Japan’s pressure finally paid off with 20 minutes left. Japan strung a series of good passes together, but Suzuki pushed the ball too far wide to Tomokazu Myojin on the right. The Kashiwa Reysol midfielder did well to wrap his foot around the ball and must have been amazed, as nearly 65,000 spectators were, to see the ball fly over the Costa Rican ‘keeper into the back of the net.
“Well, I didn’t really mean that,” the Kashiwa man said. “But I was certainly very happy to see the result.”
What a shame then that seven minutes later Myojin gave the ball away, allowing Gilberto Martinez to play the ball up to substitute forward Winston Parks of Udinese. Parks powered forward and virtually walked past the typically ineffectual Tsuneyasu Miyamoto before firing the ball home to level the scores.

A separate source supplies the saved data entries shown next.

lemma newton_descent_in_sublevel_component:
  fixes h :: "'a::real_normed_vector \<Rightarrow> 'b::real_normed_vector" and R :: real and x0 :: 'a
  defines "K \<equiv> connected_component_set {x. norm (h x) \<le> R} x0"
  assumes der: "(h has_derivative L) (at z)" and Lv: "L v = - h z"
    and v_bound: "2 * c * norm v \<le> norm (h z)"
    and z: "z \<in> K" and hz: "h z \<noteq> 0" and \<delta>: "\<delta> > 0"
  shows "\<exists>y\<in>K. dist y z < \<delta> \<and> norm (h y) + c * dist y z < norm (h z)"
proof -
  define p where "p = norm (h z)"
  have p: "p > 0"
    using hz p_def by simp
  then have "p / 4 > 0"
    by simp
  then obtain \<delta>' where \<delta>': "\<delta>' > 0" and step: "\<And>t. 0 \<le> t \<Longrightarrow> t \<le> \<delta>' \<Longrightarrow>
      norm (h (z + t *\<^sub>R v)) \<le> (1 - t) * p + t * (p / 4)"
    using newton_step_estimate[OF der Lv] unfolding p_def by blast
  have nv: "0 < norm v + 1"
    by (simp add: add_nonneg_pos)
  define s where "s = min \<delta>' (\<delta> / (norm v + 1))"
  have s: "s > 0" "s \<le> \<delta>'"
    using \<delta> \<delta>' nv by (simp_all add: s_def)
  have "s * norm v \<le> \<delta> / (norm v + 1) * norm v"
    by (intro mult_right_mono) (auto simp: s_def)
  also have "\<dots> < \<delta>"
    using \<delta> nv by (simp add: field_simps)
  finally have dist_y: "dist (z + s *\<^sub>R v) z < \<delta>"
    using s by (simp add: dist_norm)
  have decrease: "norm (h (z + t *\<^sub>R v)) \<le> p - 3 / 4 * (t * p)" if "0 \<le> t" "t \<le> s" for t
    using step[of t] that s by (simp add: algebra_simps)
  have "norm (h (z + t *\<^sub>R v)) \<le> p" if "0 \<le> t" "t \<le> s" for t
    using decrease[OF that] mult_nonneg_nonneg[of t p] that p by linarith
  then have "z + s *\<^sub>R v \<in> K"
    using z s unfolding K_def p_def by (intro segment_in_sublevel_component) auto
  moreover have "norm (h (z + s *\<^sub>R v)) + c * dist (z + s *\<^sub>R v) z < p"
  proof -
    have "c * dist (z + s *\<^sub>R v) z = s / 2 * (2 * c * norm v)"
      using s by (simp add: dist_norm)
    also have "\<dots> \<le> s / 2 * p"
      using v_bound s p_def by (simp add: mult_left_mono)
    finally have "c * dist (z + s *\<^sub>R v) z \<le> (s * p) / 2"
      by simp
    then show ?thesis
      using decrease[of s] mult_pos_pos[of s p] s p by linarith
  qed
  ultimately show ?thesis
    using dist_y p_def by blast
qed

Japan still looked the more likely to score and Nishizawa came closest with 10 minutes left when he rose to meet an Alex cross and saw his glancing header hit the post.
“I wanted to try some things out today and I think I learned several things about various individuals as well as the team as a unit,” Troussier commented.
“I still have to think about who to play and in what position,” the French manager confirmed. “Today we started poorly because we had some new players. The game didn’t go as I wanted it to, but the opposition were pretty strong and their players had good skills.”
Costa Rica’s manager Alexander Guimaraes was happy with the result.
“It was a good game, especially for the fans,” he said. “We started well but Japan got into the game well and made it tough for us. A draw was the right result.”